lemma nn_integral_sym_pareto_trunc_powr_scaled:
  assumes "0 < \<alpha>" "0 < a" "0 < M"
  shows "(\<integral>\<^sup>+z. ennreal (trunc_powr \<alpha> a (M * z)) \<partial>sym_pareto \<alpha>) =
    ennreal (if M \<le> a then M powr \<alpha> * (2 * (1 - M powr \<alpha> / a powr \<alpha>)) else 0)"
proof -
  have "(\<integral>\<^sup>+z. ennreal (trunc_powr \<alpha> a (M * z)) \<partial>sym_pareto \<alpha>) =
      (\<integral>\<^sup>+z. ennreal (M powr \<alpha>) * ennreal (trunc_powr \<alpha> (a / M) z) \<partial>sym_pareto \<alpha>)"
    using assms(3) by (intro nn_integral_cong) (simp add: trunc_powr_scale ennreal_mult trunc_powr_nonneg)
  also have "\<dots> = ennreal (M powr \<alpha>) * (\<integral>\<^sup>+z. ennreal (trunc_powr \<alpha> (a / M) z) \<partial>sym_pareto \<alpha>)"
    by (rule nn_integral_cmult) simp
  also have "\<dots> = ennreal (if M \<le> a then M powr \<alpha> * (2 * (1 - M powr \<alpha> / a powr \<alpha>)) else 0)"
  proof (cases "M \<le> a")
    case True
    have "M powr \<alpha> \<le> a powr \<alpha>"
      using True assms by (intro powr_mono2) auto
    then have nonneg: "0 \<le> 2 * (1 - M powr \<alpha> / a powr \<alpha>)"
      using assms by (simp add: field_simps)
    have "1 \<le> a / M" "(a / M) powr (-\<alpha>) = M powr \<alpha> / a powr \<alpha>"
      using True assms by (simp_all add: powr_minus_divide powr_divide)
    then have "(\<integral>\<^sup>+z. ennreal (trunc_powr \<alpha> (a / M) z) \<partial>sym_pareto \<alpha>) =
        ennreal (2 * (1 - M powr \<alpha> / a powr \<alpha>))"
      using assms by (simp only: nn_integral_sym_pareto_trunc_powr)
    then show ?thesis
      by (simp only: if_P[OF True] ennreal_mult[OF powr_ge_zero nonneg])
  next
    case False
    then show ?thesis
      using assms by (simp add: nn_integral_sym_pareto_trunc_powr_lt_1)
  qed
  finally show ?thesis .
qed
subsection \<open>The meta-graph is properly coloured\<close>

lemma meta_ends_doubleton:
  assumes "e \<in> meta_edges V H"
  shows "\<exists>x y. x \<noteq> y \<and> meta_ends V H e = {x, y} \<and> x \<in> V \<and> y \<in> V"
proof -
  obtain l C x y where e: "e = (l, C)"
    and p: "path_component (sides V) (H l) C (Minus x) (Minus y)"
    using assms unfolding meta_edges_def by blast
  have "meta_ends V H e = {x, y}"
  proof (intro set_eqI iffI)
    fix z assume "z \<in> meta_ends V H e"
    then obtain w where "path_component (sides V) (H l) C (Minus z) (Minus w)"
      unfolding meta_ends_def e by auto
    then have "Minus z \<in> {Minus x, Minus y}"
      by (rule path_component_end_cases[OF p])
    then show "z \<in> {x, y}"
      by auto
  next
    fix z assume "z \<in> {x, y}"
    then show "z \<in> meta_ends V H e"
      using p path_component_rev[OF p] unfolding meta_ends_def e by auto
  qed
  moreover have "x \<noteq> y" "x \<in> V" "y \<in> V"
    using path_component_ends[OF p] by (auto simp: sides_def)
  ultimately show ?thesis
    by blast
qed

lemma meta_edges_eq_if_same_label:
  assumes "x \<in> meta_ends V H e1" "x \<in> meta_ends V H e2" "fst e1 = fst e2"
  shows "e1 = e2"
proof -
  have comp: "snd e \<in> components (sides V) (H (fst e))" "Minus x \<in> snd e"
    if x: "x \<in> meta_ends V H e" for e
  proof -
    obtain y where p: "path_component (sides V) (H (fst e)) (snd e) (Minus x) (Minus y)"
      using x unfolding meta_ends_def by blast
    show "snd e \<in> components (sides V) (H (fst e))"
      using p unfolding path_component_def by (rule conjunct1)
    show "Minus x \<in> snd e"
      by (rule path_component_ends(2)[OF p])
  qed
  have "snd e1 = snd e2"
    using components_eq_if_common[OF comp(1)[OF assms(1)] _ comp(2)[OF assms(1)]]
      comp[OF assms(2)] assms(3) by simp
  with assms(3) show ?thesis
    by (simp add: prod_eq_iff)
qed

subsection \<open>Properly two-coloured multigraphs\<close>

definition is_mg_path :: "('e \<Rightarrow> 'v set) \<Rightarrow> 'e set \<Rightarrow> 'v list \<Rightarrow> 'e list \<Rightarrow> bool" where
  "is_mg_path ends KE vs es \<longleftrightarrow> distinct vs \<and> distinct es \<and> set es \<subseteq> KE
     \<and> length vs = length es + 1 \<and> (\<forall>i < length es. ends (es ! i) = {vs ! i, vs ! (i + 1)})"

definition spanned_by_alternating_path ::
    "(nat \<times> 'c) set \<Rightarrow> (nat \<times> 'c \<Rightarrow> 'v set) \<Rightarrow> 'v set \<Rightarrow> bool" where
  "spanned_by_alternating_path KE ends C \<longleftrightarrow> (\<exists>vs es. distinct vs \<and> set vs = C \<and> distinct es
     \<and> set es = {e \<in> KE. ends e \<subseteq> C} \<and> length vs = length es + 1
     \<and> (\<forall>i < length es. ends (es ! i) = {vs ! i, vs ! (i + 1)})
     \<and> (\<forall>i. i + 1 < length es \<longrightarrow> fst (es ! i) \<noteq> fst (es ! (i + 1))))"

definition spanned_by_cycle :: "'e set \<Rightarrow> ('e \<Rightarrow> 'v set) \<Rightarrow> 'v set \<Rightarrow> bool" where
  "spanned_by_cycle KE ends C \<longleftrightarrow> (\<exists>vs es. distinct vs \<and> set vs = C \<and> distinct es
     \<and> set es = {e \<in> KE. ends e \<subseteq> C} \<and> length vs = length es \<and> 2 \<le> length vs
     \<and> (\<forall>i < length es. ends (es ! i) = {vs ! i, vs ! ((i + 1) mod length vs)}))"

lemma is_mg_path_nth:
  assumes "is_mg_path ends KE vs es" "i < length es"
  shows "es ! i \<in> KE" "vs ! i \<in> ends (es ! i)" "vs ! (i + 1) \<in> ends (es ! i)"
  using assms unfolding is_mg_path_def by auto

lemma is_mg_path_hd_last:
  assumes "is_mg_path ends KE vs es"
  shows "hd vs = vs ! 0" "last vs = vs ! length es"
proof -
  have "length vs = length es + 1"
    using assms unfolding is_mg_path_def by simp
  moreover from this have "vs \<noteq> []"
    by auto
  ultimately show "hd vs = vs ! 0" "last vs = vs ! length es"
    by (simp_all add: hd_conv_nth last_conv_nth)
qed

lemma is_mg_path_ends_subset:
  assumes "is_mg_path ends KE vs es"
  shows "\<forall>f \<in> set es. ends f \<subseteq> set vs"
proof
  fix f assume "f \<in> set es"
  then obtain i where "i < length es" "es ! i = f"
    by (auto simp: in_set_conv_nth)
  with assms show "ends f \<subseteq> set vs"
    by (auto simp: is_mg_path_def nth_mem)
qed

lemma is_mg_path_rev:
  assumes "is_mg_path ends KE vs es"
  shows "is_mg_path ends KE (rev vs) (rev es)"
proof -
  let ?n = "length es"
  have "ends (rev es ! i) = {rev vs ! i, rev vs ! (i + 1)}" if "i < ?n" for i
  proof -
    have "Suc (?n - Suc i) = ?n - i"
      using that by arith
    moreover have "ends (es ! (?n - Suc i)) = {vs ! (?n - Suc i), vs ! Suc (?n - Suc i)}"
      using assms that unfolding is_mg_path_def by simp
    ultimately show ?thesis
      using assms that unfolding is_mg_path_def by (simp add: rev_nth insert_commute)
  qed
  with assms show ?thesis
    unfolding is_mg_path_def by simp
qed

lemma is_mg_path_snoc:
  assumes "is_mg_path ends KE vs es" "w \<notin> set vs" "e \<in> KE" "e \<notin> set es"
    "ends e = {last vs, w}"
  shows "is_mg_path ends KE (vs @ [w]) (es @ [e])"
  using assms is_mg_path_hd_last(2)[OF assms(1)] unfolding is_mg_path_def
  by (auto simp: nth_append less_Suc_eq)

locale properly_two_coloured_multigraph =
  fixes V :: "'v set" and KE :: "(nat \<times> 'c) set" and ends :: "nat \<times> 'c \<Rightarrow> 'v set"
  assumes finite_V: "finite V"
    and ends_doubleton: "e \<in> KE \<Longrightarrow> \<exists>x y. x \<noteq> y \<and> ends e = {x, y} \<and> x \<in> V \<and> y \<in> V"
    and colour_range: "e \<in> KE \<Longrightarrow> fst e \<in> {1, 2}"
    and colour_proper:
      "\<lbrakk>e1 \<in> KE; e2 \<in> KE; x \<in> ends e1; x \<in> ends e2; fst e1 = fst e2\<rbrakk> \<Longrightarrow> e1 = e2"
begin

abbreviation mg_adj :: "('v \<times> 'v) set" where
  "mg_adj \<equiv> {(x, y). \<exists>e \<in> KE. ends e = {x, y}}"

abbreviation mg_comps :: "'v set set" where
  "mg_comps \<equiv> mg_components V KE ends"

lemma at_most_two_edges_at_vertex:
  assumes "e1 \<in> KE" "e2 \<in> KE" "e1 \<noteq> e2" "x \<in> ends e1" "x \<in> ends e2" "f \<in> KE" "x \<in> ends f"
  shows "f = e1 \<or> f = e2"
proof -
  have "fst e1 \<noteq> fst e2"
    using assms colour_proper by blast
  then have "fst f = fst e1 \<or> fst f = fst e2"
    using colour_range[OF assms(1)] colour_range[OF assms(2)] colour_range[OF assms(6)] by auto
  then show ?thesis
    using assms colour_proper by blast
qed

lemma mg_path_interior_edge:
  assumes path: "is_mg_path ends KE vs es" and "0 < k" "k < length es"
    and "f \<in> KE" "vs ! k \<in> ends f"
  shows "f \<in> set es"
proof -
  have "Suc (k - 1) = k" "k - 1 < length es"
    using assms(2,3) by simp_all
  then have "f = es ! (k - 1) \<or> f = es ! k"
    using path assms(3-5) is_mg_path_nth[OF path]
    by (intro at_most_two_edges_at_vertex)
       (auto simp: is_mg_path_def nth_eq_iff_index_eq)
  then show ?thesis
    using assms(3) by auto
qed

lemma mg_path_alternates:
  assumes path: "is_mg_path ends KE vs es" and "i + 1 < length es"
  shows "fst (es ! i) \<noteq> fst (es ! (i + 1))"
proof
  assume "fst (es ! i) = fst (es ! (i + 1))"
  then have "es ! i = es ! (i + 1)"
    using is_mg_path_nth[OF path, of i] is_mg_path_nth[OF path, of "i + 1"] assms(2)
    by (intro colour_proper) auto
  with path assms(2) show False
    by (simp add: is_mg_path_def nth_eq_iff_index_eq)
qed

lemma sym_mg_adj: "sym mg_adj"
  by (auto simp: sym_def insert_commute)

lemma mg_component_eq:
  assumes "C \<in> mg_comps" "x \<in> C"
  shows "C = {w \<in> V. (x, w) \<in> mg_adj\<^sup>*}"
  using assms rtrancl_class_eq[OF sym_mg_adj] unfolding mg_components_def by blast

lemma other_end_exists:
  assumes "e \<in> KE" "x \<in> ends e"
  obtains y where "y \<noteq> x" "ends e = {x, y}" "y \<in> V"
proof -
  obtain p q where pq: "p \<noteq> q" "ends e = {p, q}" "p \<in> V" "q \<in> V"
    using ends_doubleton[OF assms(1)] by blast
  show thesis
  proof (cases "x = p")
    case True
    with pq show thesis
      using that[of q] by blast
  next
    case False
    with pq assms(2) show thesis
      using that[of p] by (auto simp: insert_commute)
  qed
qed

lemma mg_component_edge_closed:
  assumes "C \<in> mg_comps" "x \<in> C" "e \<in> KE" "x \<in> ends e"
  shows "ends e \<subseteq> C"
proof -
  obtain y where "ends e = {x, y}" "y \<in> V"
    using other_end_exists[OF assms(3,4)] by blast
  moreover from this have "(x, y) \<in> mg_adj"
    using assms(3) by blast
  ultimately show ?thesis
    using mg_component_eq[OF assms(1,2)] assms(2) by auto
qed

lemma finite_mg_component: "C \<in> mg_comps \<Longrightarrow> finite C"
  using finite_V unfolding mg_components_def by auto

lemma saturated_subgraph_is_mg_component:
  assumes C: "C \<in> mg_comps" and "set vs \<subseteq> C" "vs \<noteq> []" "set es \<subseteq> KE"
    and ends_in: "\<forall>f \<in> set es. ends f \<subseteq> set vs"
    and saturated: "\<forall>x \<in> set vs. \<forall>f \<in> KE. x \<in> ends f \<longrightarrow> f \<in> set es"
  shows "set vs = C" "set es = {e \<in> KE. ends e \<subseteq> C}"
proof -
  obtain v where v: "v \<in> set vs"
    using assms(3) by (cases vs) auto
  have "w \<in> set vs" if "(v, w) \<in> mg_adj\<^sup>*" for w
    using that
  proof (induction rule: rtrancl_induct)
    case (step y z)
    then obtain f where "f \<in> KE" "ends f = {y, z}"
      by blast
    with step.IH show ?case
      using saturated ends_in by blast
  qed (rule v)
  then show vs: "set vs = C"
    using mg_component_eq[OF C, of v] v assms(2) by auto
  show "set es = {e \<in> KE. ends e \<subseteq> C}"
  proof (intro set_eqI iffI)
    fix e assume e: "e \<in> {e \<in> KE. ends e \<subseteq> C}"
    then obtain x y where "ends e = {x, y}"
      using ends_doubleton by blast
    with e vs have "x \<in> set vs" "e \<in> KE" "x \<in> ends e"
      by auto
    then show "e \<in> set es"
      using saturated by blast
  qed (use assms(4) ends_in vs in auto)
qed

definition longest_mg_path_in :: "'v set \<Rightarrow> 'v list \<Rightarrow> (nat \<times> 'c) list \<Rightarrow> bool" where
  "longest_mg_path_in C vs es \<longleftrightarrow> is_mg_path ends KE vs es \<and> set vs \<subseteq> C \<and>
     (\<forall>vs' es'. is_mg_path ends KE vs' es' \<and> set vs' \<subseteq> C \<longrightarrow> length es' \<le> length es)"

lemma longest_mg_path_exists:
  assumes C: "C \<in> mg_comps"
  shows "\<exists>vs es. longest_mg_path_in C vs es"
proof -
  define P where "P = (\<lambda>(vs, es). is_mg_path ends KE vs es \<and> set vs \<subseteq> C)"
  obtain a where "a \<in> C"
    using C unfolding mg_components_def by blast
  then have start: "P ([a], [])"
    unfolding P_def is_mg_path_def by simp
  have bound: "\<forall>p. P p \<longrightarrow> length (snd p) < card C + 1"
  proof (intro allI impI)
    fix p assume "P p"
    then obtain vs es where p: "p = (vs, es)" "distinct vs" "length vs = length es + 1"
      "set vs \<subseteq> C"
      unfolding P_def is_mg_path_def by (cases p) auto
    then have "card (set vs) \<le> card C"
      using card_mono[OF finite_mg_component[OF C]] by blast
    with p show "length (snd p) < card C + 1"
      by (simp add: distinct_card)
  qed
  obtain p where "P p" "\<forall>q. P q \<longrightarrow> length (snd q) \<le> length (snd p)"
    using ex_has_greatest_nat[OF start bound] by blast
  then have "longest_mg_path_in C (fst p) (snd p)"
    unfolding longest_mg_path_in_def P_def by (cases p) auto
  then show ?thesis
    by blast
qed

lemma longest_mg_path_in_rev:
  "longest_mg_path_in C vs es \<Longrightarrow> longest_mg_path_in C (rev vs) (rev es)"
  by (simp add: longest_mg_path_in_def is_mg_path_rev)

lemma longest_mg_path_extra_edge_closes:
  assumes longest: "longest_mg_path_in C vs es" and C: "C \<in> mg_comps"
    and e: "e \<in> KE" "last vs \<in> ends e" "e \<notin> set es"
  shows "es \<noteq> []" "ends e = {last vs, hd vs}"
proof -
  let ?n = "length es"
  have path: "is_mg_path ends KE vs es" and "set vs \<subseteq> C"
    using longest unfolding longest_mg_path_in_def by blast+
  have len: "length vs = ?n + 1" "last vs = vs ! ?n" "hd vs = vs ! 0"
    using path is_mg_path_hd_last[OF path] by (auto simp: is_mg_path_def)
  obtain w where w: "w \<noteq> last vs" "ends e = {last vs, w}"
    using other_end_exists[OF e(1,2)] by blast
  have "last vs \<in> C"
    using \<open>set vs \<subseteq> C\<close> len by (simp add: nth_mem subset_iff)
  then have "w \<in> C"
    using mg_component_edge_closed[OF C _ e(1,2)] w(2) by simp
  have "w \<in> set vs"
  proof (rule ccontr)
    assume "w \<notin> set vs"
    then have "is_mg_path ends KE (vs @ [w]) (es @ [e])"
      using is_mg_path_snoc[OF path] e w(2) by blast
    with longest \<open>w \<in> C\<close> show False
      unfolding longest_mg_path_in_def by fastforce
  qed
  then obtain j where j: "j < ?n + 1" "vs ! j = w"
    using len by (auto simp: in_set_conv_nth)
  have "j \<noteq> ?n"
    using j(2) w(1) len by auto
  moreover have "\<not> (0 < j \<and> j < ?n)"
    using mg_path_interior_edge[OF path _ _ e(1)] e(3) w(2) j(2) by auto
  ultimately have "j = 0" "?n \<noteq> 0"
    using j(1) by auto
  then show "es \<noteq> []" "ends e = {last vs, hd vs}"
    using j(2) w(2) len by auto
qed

-.-.-

- _Your assignment_: Every line of the listing that includes the word "this" belongs in the answer.

- _Exercise result_:
  moreover from this have "vs \<noteq> []"
  moreover from this have "(x, y) \<in> mg_adj"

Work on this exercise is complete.